Let $A$ and $B$ be two given sets. The intersection is the set:$A\cap B=\{x:x\in A\wedge x\in B\}$

Union

The union of sets $A$ and $B$ is the set:$A\cup B=\{x:x\in A\vee x\in B\}$

Disjoint Union

The disjoint union of $A$ and $B$ is the set:$A\bigsqcup B=\{(x,a):x\in A\}\cup \{(y,b):y\in B\}$

Difference

The difference of $A$ from $B$ is the set $A\setminus B=\{x:x\in A\wedge x\notin B\}$In the circumstance that sets are considered within a fixed set $X$, for any subset $A$ of $X$ we write $X\setminus A$ as $A^c$ and call it the complement of $A$ in $X$.

Proposition

Let $A$, $B$, $C$ and $B_i(i\in I)$ be sets. The following properties hold:

• Commutativity: $A\cap B=B\cap A$, $A\cup B=B\cup A$.
• Associativity: $(A\cap B)\cap C=A\cap (B\cap C)$, $(A\cap B)\cap C=A\cap (B\cap C)$.
• Distributivity: $A\cap \left({\bigcup }_{i\in I}{B}_i\right)={\bigcup }_{i\in I}(A\cap B_i)$, $A\cup \left({\bigcap }_{i\in I}{B}_i\right)={\bigcap }_{i\in I}(A\cup B_i)$.
• de Morgan’s laws: ${\left({\bigcap }_{i\in I}{B}_i\right)}^c={\bigcup }_{i\in I}{B}_i^c$, ${\left({\bigcup }_{i\in I}{B}_i\right)}^c={\bigcap }_{i\in I}{B}_i^c$.

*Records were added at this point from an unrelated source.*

(* Let $\nu:\mathcal{P}(\mathbf{N})\to\mathbf{R}$ be an abstract upper density and let $\mathcal{Z}_\nu=\{A\subseteq\mathbf{N}:\nu(A)=0\}$. Then there exists a normalized capacity $\rho:\mathscr{B}(\mathrm{Ult}(\mathcal{Z}_\nu))\to\mathbf{R}$ such that for every $A\subseteq\mathbf{N}$, $$\nu(A)=\int_{\mathrm{Ult}(\mathcal{Z}_\nu)}\mu_{\mathcal{F}}(A)\,\mathrm{d}\rho(\mathcal{F}).$$
   Context: An abstract upper density is a set function $\nu:\mathcal{P}(\mathbf{N})\to\mathbf{R}$ that is a normalized capacity (monotone, $\nu(\emptyset)=0$, $\nu(\mathbf{N})=1$), diffuse ($\nu(A)=0$ for every finite $A$), and subadditive ($\nu(A\cup B)\le\nu(A)+\nu(B)$). For an ideal $\mathcal{I}$ on $\mathbf{N}$ (closed under subsets and finite unions, not containing $\mathbf{N}$, containing all finite sets) with dual filter $\mathcal{I}^\star=\{A:\mathbf{N}\setminus A\in\mathcal{I}\}$: $\mathrm{Ult}(\mathcal{I})$ is the set of ultrafilters $\mathcal{F}$ on $\mathbf{N}$ with $\mathcal{I}^\star\subseteq\mathcal{F}$, with the topology induced from the Stone–Čech space $\beta\mathbf{N}$ (basic clopen sets $\{\mathcal{F}:A\in\mathcal{F}\}$), $\mathscr{B}$ is the Borel $\sigma$-algebra, and $\mu_{\mathcal{F}}(A)=1$ if $A\in\mathcal{F}$ and $0$ otherwise. A normalized capacity on a $\sigma$-algebra is a monotone set function with value $0$ at $\emptyset$ and $1$ at the whole space. The Choquet integral of a bounded function $f$ with respect to a normalized capacity $\rho$ on $S$ is $\int_0^\infty\rho(f\ge t)\,\mathrm{d}t+\int_{-\infty}^0[\rho(f\ge t)-1]\,\mathrm{d}t$. *)

theory Defs
  imports "HOL-Analysis.Analysis"
begin

definition abstract_upper_density :: "(nat set \<Rightarrow> real) \<Rightarrow> bool" where
  "abstract_upper_density \<nu> \<longleftrightarrow>
     (\<forall>A B. A \<subseteq> B \<longrightarrow> \<nu> A \<le> \<nu> B) \<and> \<nu> {} = 0 \<and> \<nu> UNIV = 1 \<and>
     (\<forall>A. finite A \<longrightarrow> \<nu> A = 0) \<and>
     (\<forall>A B. \<nu> (A \<union> B) \<le> \<nu> A + \<nu> B)"

definition is_ultrafilter :: "nat set set \<Rightarrow> bool" where
  "is_ultrafilter F \<longleftrightarrow>
     UNIV \<in> F \<and> {} \<notin> F \<and>
     (\<forall>A B. A \<in> F \<longrightarrow> A \<subseteq> B \<longrightarrow> B \<in> F) \<and>
     (\<forall>A B. A \<in> F \<longrightarrow> B \<in> F \<longrightarrow> A \<inter> B \<in> F) \<and>
     (\<forall>A. A \<in> F \<or> - A \<in> F)"

definition dual_filter :: "nat set set \<Rightarrow> nat set set" where
  "dual_filter I = {A. - A \<in> I}"

definition Ult :: "nat set set \<Rightarrow> nat set set set" where
  "Ult I = {F. is_ultrafilter F \<and> dual_filter I \<subseteq> F}"

text \<open>Basic clopen sets of the subspace topology inherited from beta N.\<close>
definition ult_basic :: "nat set set \<Rightarrow> nat set \<Rightarrow> nat set set set" where
  "ult_basic I A = {F \<in> Ult I. A \<in> F}"

definition ult_open :: "nat set set \<Rightarrow> nat set set set \<Rightarrow> bool" where
  "ult_open I U \<longleftrightarrow> U \<subseteq> Ult I \<and> (\<forall>F\<in>U. \<exists>A. A \<in> F \<and> ult_basic I A \<subseteq> U)"

definition ult_borel :: "nat set set \<Rightarrow> nat set set set set" where
  "ult_borel I = sigma_sets (Ult I) {U. ult_open I U}"

definition normalized_capacity :: "'a set \<Rightarrow> 'a set set \<Rightarrow> ('a set \<Rightarrow> real) \<Rightarrow> bool" where
  "normalized_capacity S \<Sigma> \<rho> \<longleftrightarrow>
     (\<forall>A\<in>\<Sigma>. \<forall>B\<in>\<Sigma>. A \<subseteq> B \<longrightarrow> \<rho> A \<le> \<rho> B) \<and> \<rho> {} = 0 \<and> \<rho> S = 1"

definition choquet_integral :: "'a set \<Rightarrow> ('a set \<Rightarrow> real) \<Rightarrow> ('a \<Rightarrow> real) \<Rightarrow> real" where
  "choquet_integral S \<rho> f =
     (LBINT t:{0..}. \<rho> {x \<in> S. f x \<ge> t}) + (LBINT t:{..<0}. \<rho> {x \<in> S. f x \<ge> t} - 1)"

definition mu_uf :: "nat set set \<Rightarrow> nat set \<Rightarrow> real" where
  "mu_uf F A = (if A \<in> F then 1 else 0)"

end

theory Submission
  imports Defs
begin

text \<open>The sets of \<open>\<nu>\<close>-density zero form an ideal \<open>Z\<close>. Writing \<open>[A]\<close> for the clopen set of
  ultrafilters in \<open>Ult(Z)\<close> containing \<open>A\<close>, the inclusion \<open>[A] \<subseteq> [B]\<close> forces \<open>\<nu>(A - B) = 0\<close>
  (otherwise some ultrafilter of \<open>Ult(Z)\<close> contains \<open>A - B\<close>), hence \<open>\<nu> A \<le> \<nu> B\<close> by
  subadditivity. So the outer capacity \<open>\<rho>(X) = inf {\<nu> A. X \<subseteq> [A]}\<close> is monotone and
  satisfies \<open>\<rho>([A]) = \<nu> A\<close>, and the Choquet integral of the \<open>0/1\<close>-valued function
  \<open>F \<mapsto> \<mu>\<^sub>F(A)\<close>, the indicator of \<open>[A]\<close>, is \<open>\<rho>([A])\<close>.\<close>

definition proper_filter :: "'a set set \<Rightarrow> bool" where
  "proper_filter G \<longleftrightarrow> UNIV \<in> G \<and> {} \<notin> G \<and>
     (\<forall>A B. A \<in> G \<longrightarrow> A \<subseteq> B \<longrightarrow> B \<in> G) \<and> (\<forall>A B. A \<in> G \<longrightarrow> B \<in> G \<longrightarrow> A \<inter> B \<in> G)"

lemma proper_filterI:
  assumes "UNIV \<in> G" "{} \<notin> G" "\<And>A B. A \<in> G \<Longrightarrow> A \<subseteq> B \<Longrightarrow> B \<in> G"
    "\<And>A B. A \<in> G \<Longrightarrow> B \<in> G \<Longrightarrow> A \<inter> B \<in> G"
  shows "proper_filter G"
  using assms unfolding proper_filter_def by blast

lemma proper_filterD:
  assumes "proper_filter G"
  shows "UNIV \<in> G" "{} \<notin> G" "A \<in> G \<Longrightarrow> A \<subseteq> B \<Longrightarrow> B \<in> G"
    "A \<in> G \<Longrightarrow> B \<in> G \<Longrightarrow> A \<inter> B \<in> G"
  using assms unfolding proper_filter_def by blast+

lemma is_ultrafilter_iff:
  "is_ultrafilter F \<longleftrightarrow> proper_filter F \<and> (\<forall>A. A \<in> F \<or> - A \<in> F)"
  unfolding is_ultrafilter_def proper_filter_def by blast

lemma proper_filter_chain_Union:
  assumes "\<C> \<noteq> {}" and filters: "\<And>H. H \<in> \<C> \<Longrightarrow> proper_filter H"
    and chain: "\<And>H K. H \<in> \<C> \<Longrightarrow> K \<in> \<C> \<Longrightarrow> H \<subseteq> K \<or> K \<subseteq> H"
  shows "proper_filter (\<Union>\<C>)"
proof (rule proper_filterI)
  show "UNIV \<in> \<Union>\<C>" using assms(1) filters proper_filterD(1) by blast
  show "{} \<notin> \<Union>\<C>" using filters proper_filterD(2) by blast
  show "B \<in> \<Union>\<C>" if "A \<in> \<Union>\<C>" "A \<subseteq> B" for A B
    using that filters proper_filterD(3) by blast
  show "A \<inter> B \<in> \<Union>\<C>" if "A \<in> \<Union>\<C>" "B \<in> \<Union>\<C>" for A B
  proof -
    from that obtain H K where "H \<in> \<C>" "K \<in> \<C>" "A \<in> H" "B \<in> K" by blast
    with chain[of H K] have "A \<in> H \<and> B \<in> H \<or> A \<in> K \<and> B \<in> K" by blast
    with \<open>H \<in> \<C>\<close> \<open>K \<in> \<C>\<close> show ?thesis using filters proper_filterD(4) by blast
  qed
qed

lemma maximal_proper_filter_is_ultrafilter:
  assumes M: "proper_filter M"
    and max: "\<And>H. proper_filter H \<Longrightarrow> M \<subseteq> H \<Longrightarrow> H = M"
  shows "is_ultrafilter M"
  unfolding is_ultrafilter_iff
proof (intro conjI allI M)
  fix X
  let ?MX = "{Y. \<exists>m\<in>M. m \<inter> X \<subseteq> Y}"
  show "X \<in> M \<or> - X \<in> M"
  proof (cases "{} \<in> ?MX")
    case True
    then obtain m where "m \<in> M" "m \<subseteq> - X" by blast
    then show ?thesis using proper_filterD(3)[OF M] by blast
  next
    case False
    have "proper_filter ?MX"
    proof (rule proper_filterI)
      show "UNIV \<in> ?MX" using proper_filterD(1)[OF M] by blast
      show "A \<inter> B \<in> ?MX" if "A \<in> ?MX" "B \<in> ?MX" for A B
      proof -
        from that obtain m n where "m \<in> M" "n \<in> M" "m \<inter> X \<subseteq> A" "n \<inter> X \<subseteq> B" by blast
        moreover have "m \<inter> n \<in> M" using proper_filterD(4)[OF M \<open>m \<in> M\<close> \<open>n \<in> M\<close>] .
        ultimately show ?thesis by blast
      qed
    qed (use False in blast)+
    moreover have "M \<subseteq> ?MX" by blast
    ultimately have "?MX = M" by (rule max)
    moreover have "X \<in> ?MX" using proper_filterD(1)[OF M] by blast
    ultimately show ?thesis by blast
  qed
qed

lemma proper_filter_extends_to_ultrafilter:
  assumes "proper_filter G"
  shows "\<exists>F. is_ultrafilter F \<and> G \<subseteq> F"
proof -
  let ?\<A> = "{H. proper_filter H \<and> G \<subseteq> H}"
  have "\<exists>M\<in>?\<A>. \<forall>H\<in>?\<A>. M \<subseteq> H \<longrightarrow> H = M"
  proof (rule subset_Zorn_nonempty)
    show "?\<A> \<noteq> {}" using assms by blast
  next
    fix \<C> assume ne: "\<C> \<noteq> {}" and "subset.chain ?\<A> \<C>"
    then have sub: "\<C> \<subseteq> ?\<A>" and chain: "\<And>H K. H \<in> \<C> \<Longrightarrow> K \<in> \<C> \<Longrightarrow> H \<subseteq> K \<or> K \<subseteq> H"
      unfolding subset_chain_def by blast+
    have "proper_filter (\<Union>\<C>)"
      by (rule proper_filter_chain_Union[OF ne _ chain]) (use sub in blast)
    moreover have "G \<subseteq> \<Union>\<C>" using ne sub by blast
    ultimately show "\<Union>\<C> \<in> ?\<A>" by blast
  qed
  then obtain M where M: "proper_filter M" "G \<subseteq> M"
    and max: "\<And>H. proper_filter H \<Longrightarrow> M \<subseteq> H \<Longrightarrow> H = M"
    by (metis (mono_tags, lifting) mem_Collect_eq order_trans)
  have "is_ultrafilter M" by (rule maximal_proper_filter_is_ultrafilter[OF M(1) max])
  with M(2) show ?thesis by blast
qed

Proof These are direct consequences of the arithmetic of logical connectives. $\square$

Cartesian Product

Cartesian Product

Let $X_1,\dots ,X_n$ be sets. The set$\{(x_1,x_2,\dots ,x_n):x_1\in X_1,\dots ,x_n\in X_n\}$is called the Cartesian product of $X_1,\dots ,X_n$ and is written as$X_1\times \cdots \times X_n\text{or}{\prod }_{i=1}^n{X}_i$where each $(x_1,\dots ,x_n)$ is an ordered $n$-tuple and the $x_i$ is called the $i$-th coordinate.